Ouais, mais en même temps, on peut aussi très raisonnablement préférer la série 1.2.x, et dans ces cas là, le "-gtk2" s'impose. Enfin, les goût et les couleurs hein...

----------

## gK

Encore un problème depuis le passage à gnome 2.4 : j'obtiens un dossier nommé Desktop sur le compte de mon /home/user qui revient à chaque fois, même en faisant un rm -rf dessus.

C'est possible de le virer ?

drwxr-xr-x    2 gK      users        4096 Oct  8 19:42 Desktop

Gnome m'avait prévenu qu'il s'agissait d'un lien vers les îcones de mon bureau précédent sous 2.2 mais j'en veux plus maintenant.

----------

## gK

up

----------

## dyurne

juste une petite question parce que moi je suis dans le même cas que gK :

[blocks B     ] gnome-base/bonobo-activation (from pkg gnome-base/libbonobo-2.4.0)

[blocks B     ] <gnome-extra/gnome-utils-2.3 (from pkg gnome-extra/gucharmap-1.0.0)

donc si je veux faire un emerge -Up world je suis obligé d'unmerger bonobo et gnome-utils. je voudrais savoir si ça risqué pas de rendre instable mon systeme ?

gnome pe me faire un caca nerveux si il a pas son gnome-utils et bonobo-activation je sais pas à quoi ça sert, donc ça doit être un truc important .  :Smile: 

voila.

----------

## TGL

La ce qu'il faut unmerger c'est plutôt bonobo-activation et gucharmap. Et c'est sans risque oui.

----------

## dyurne

j'ai unmergé bonobo-activation pas de problèmes, mais lorsque j'ai voulu unmergé gucharmap il m'a insulté avec :

root@ # emerge unmerge gucharmap

!!! Couldn't find match for gucharmap

>>> unmerge: No packages selected for removal.

alors je lui est répliqué :

emerge search gucharmap

Searching...

[ Results for search key : gucharmap ]

[ Applications found : 1 ]

*  gnome-extra/gucharmap

      Latest version available: 1.0.0

      Latest version installed: [ Not Installed ]

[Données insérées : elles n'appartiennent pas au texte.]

lemma is_clique_insert:
  assumes G: "finite_simple_graph G" and "is_clique G C" "v \<in> verts G" "\<forall>u\<in>C. adj G v u"
  shows "is_clique G (insert v C)"
  using assms adj_sym[OF G] unfolding is_clique_def by blast

lemma card_neighborhood_le_if_k_simplicial:
  assumes G: "finite_simple_graph G" and v: "v \<in> verts G" and "k_simplicial k G v"
  shows "card (neighborhood G v) \<le> k * (clique_number G - 1)"
proof -
  let ?N = "neighborhood G v"
  obtain f where f_lt: "\<forall>u\<in>?N. f u < k" and f_clique: "\<forall>i<k. is_clique G {u\<in>?N. f u = i}"
    using \<open>k_simplicial k G v\<close> unfolding k_simplicial_def by blast
  have finite_N: "finite ?N" using finite_verts[OF G] by (simp add: neighborhood_def)
  have class_bound: "card {u\<in>?N. f u = i} \<le> clique_number G - 1" if "i < k" for i
  proof -
    let ?C = "{u\<in>?N. f u = i}"
    have "is_clique G (insert v ?C)"
      using is_clique_insert[OF G _ v] f_clique that by (simp add: neighborhood_def)
    then have "card (insert v ?C) \<le> clique_number G" by (rule card_le_clique_number[OF G])
    moreover have "v \<notin> ?C" using not_adj_self[OF G] by (simp add: neighborhood_def)
    ultimately show ?thesis using finite_N by simp
  qed
  have "card ?N = card (\<Union>i<k. {u\<in>?N. f u = i})"
    using f_lt by (intro arg_cong[where f = card]) blast
  also have "\<dots> = (\<Sum>i<k. card {u\<in>?N. f u = i})"
    by (rule card_UN_disjoint) (auto simp: finite_N)
  also have "\<dots> \<le> k * (clique_number G - 1)"
    using sum_mono[of "{..<k}", OF class_bound] by simp
  finally show ?thesis .
qed

lemma ex_small_fibre:
  assumes "finite A" and "card A < m * c"
  shows "\<exists>i<m. card {a\<in>A. f a = i} < c"
proof (rule ccontr)
  assume "\<not> ?thesis"
  then have "c \<le> card {a\<in>A. f a = i}" if "i < m" for i
    using that not_less by blast
  then have "m * c \<le> (\<Sum>i<m. card {a\<in>A. f a = i})"
    using sum_mono[of "{..<m}" "\<lambda>_. c"] by simp
  also have "\<dots> = card (\<Union>i<m. {a\<in>A. f a = i})"
    using \<open>finite A\<close> by (intro card_UN_disjoint[symmetric]) auto
  also have "\<dots> \<le> card A" using \<open>finite A\<close> by (intro card_mono) auto
  finally show False using \<open>card A < m * c\<close> by simp
qed

lemma m_partition_no_max_cliqueI:
  assumes "\<forall>v\<in>verts H. f v < m"
    and "\<And>i K. i < m \<Longrightarrow> is_clique H K \<Longrightarrow> card K = clique_number H \<Longrightarrow>
           K \<subseteq> {v\<in>verts H. f v = i} \<Longrightarrow> False"
  shows "m_partition_no_max_clique m H"
  using assms unfolding m_partition_no_max_clique_def by blast

lemma m_partition_no_max_cliqueE:
  assumes "m_partition_no_max_clique m H"
  obtains f where "\<forall>v\<in>verts H. f v < m"
    and "\<And>i K. i < m \<Longrightarrow> is_clique H K \<Longrightarrow> card K = clique_number H \<Longrightarrow>
           K \<subseteq> {v\<in>verts H. f v = i} \<Longrightarrow> False"
  using assms unfolding m_partition_no_max_clique_def by blast

lemma m_partition_no_max_clique_add_simplicial_vertex:
  assumes G: "finite_simple_graph G" and "has_edge G"
    and v: "v \<in> verts G" "k_simplicial k G v"
    and K: "is_clique G K" "card K = clique_number G" "K \<subseteq> verts G - {v}"
    and part: "m_partition_no_max_clique (k + 1) (induced_subgraph G (verts G - {v}))"
  shows "m_partition_no_max_clique (k + 1) G"
proof -
  let ?S = "verts G - {v}" and ?N = "neighborhood G v" and ?\<omega> = "clique_number G"
  let ?H = "induced_subgraph G ?S"
  have \<omega>_ge_2: "2 \<le> ?\<omega>" using has_edge_iff_clique_number_ge_2[OF G] \<open>has_edge G\<close> by blast
  have \<omega>_eq: "clique_number ?H = ?\<omega>"
    using clique_number_induced_subgraph_eq[OF G _ K] by blast
  obtain f where f_lt: "\<forall>u\<in>?S. f u < k + 1"
    and f_part: "\<And>i L. i < k + 1 \<Longrightarrow> is_clique ?H L \<Longrightarrow> card L = clique_number ?H \<Longrightarrow>
                   L \<subseteq> {u\<in>?S. f u = i} \<Longrightarrow> False"
    using m_partition_no_max_cliqueE[OF part] by auto
  have finite_N: "finite ?N" using finite_verts[OF G] by (simp add: neighborhood_def)
  have "card ?N \<le> k * (?\<omega> - 1)" by (rule card_neighborhood_le_if_k_simplicial[OF G v])
  also have "\<dots> < (k + 1) * (?\<omega> - 1)" using \<omega>_ge_2 by simp
  finally obtain i where i: "i < k + 1" and few: "card {u\<in>?N. f u = i} < ?\<omega> - 1"
    using ex_small_fibre[OF finite_N] by blast
  show ?thesis
  proof (rule m_partition_no_max_cliqueI[where f = "f(v := i)"])
    show "\<forall>u\<in>verts G. (f(v := i)) u < k + 1" using f_lt i by auto
  next
    fix j L assume j: "j < k + 1" and L: "is_clique G L" "card L = ?\<omega>"
      and L_class: "L \<subseteq> {u\<in>verts G. (f(v := i)) u = j}"
    show False
    proof (cases "v \<in> L")
      case False
      then have "is_clique ?H L" "L \<subseteq> {u\<in>?S. f u = j}"
        using L L_class is_clique_induced_subgraph[of ?S G] by auto
      then show False using f_part[OF j] L \<omega>_eq by simp
    next
      case True
      then have "j = i" using L_class by auto
      then have "L - {v} \<subseteq> {u\<in>?N. f u = i}"
        using L True L_class unfolding is_clique_def neighborhood_def by auto
      then have "card (L - {v}) \<le> card {u\<in>?N. f u = i}"
        using finite_N by (intro card_mono) auto
      moreover have "card (L - {v}) = ?\<omega> - 1" using L True finite_clique[OF G] by simp
      ultimately show False using few by simp
    qed
  qed
qed

lemma m_partition_no_max_clique_isolate_vertex:
  assumes "2 \<le> m" and "2 \<le> clique_number G"
    and through_v: "\<And>K. is_clique G K \<Longrightarrow> card K = clique_number G \<Longrightarrow> v \<in> K"
  shows "m_partition_no_max_clique m G"
proof (rule m_partition_no_max_cliqueI[where f = "\<lambda>u. if u = v then 0 else 1"])
  show "\<forall>u\<in>verts G. (if u = v then 0 else 1) < m" using \<open>2 \<le> m\<close> by auto
next
  fix i :: nat and K assume K: "is_clique G K" "card K = clique_number G"
    and K_class: "K \<subseteq> {u\<in>verts G. (if u = v then 0 else 1) = i}"
  have "v \<in> K" using through_v[OF K] .
  then have "i = 0" using K_class by auto
  then have "K \<subseteq> {v}" using K_class by (auto simp: subset_iff split: if_splits)
  then have "card K \<le> 1" using card_mono[of "{v}" K] by simp
  then show False using K \<open>2 \<le> clique_number G\<close> by simp
qed

lemma m_partition_no_max_clique_if_simplicial_vertices:
  assumes "1 \<le> k"
    and graphs: "\<forall>G. \<G> G \<longrightarrow> finite_simple_graph G"
    and "hereditary \<G>"
    and simplicial: "\<forall>G. \<G> G \<and> verts G \<noteq> {} \<longrightarrow> (\<exists>v\<in>verts G. k_simplicial k G v)"
  shows "\<G> G \<Longrightarrow> has_edge G \<Longrightarrow> m_partition_no_max_clique (k + 1) G"
proof (induction "card (verts G)" arbitrary: G rule: less_induct)
  case less
  have G: "finite_simple_graph G" using graphs less.prems(1) by blast
  have \<omega>_ge_2: "2 \<le> clique_number G"
    using has_edge_iff_clique_number_ge_2[OF G] less.prems(2) by blast
  have "verts G \<noteq> {}" using less.prems(2) adj_in_verts[OF G] unfolding has_edge_def by blast
  then obtain v where v: "v \<in> verts G" "k_simplicial k G v" using simplicial less.prems(1) by blast
  let ?S = "verts G - {v}"
  show ?case
  proof (cases "\<exists>K. is_clique G K \<and> card K = clique_number G \<and> K \<subseteq> ?S")
    case True
    then obtain K where K: "is_clique G K" "card K = clique_number G" "K \<subseteq> ?S" by blast
    let ?H = "induced_subgraph G ?S"
    have "\<G> ?H"
      using \<open>hereditary \<G>\<close> less.prems(1) unfolding hereditary_def is_induced_subgraph_def by blast
    moreover have "has_edge ?H"
      using has_edge_iff_clique_number_ge_2[OF finite_simple_graph_induced_subgraph[OF G]] \<omega>_ge_2
        clique_number_induced_subgraph_eq[OF G _ K] by simp
    moreover have "card (verts ?H) < card (verts G)"
      using card_Diff1_less[OF finite_verts[OF G] v(1)] by simp
    ultimately have "m_partition_no_max_clique (k + 1) ?H" using less.hyps by blast
    then show ?thesis
      using m_partition_no_max_clique_add_simplicial_vertex[OF G less.prems(2) v K] by blast
  next
    case False
    then have through_v: "\<And>K. is_clique G K \<Longrightarrow> card K = clique_number G \<Longrightarrow> v \<in> K"
      unfolding is_clique_def by blast
    show ?thesis
      using \<open>1 \<le> k\<close> by (intro m_partition_no_max_clique_isolate_vertex[OF _ \<omega>_ge_2 through_v]) simp
  qed
qed

theorem theorem1p5:
  fixes \<G> :: "'a graph \<Rightarrow> bool" and k :: nat
  assumes "k \<ge> 2"
    and "\<forall>G. \<G> G \<longrightarrow> finite_simple_graph G"
    and "hereditary \<G>"
    and "\<forall>G. \<G> G \<and> verts G \<noteq> {} \<longrightarrow> (\<exists>v\<in>verts G. k_simplicial k G v)"
  shows "\<forall>G. \<G> G \<and> has_edge G \<longrightarrow> divisible (k + 1) G"
proof (intro allI impI)
  fix G assume G: "\<G> G \<and> has_edge G"
  have "\<G> H" if "is_induced_subgraph H G" for H
    using G that \<open>hereditary \<G>\<close> unfolding hereditary_def by blast
  then show "divisible (k + 1) G"
    using m_partition_no_max_clique_if_simplicial_vertices[of k \<G>] assms G
    unfolding divisible_def by simp
qed

end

      Size of downloaded files: 1,094 kB

      Homepage:    http://gucharmap.sourceforge.net

      Description: Unicode charachter map viewer

il me dit qu'il est pas installé alors que quand je fais emerge -Up world il me balance :

[blocks B     ] <gnome-extra/gnome-utils-2.3 (from pkg gnome-extra/gucharmap-1.0.0)

koi moi fé ??

----------

## TGL

Ah oui exact, j'm'a gourré, je croyais que le truc c'était que maintenant gucharmap était dans gnome-utils, mais non. Bon bah unmerge gnome-utils alors.

----------

## knarf

( sans embêter c'était marqué au début du thread )

Je sors. ok

----------

## dyurne

 *Quote:*   

> 
> 
> ( sans embêter c'était marqué au début du thread )
> 
> Je sors. ok

 

mais euh !!! pourquoi il est méchant avec moi le monsieur ? dupuis quand on est interdit de poser des questions connes ? comment ça depuis le debut ?

ah, mais on me dit jamais rien a moi... bon, bah je vais me faire fouetter alors...

la raison de cette question c'est qu'au début j'ai voulu savoir ce que ça donné niveau stabilité et apres je me suis enflammé dans les questions sans faire vraiment gaffe.

par contre je reviens sur le sujet stabilité : apres le unmerge de bonobo j'ai beaucoup de mal pour lancer des applis ( ie : je vois les applis se chargé mais elles n'apparaissent jamais ), et mon serveur x ne se lancé plus automatiquement a chaque reboot. j'ai reemerger bonobo et maintenant ça roule.

----------

## knarf

J'étais pas méchant  :Wink: 

----------

## crevette

dyurne, regarde si un petit coup si la commande suivante fait quelque chose.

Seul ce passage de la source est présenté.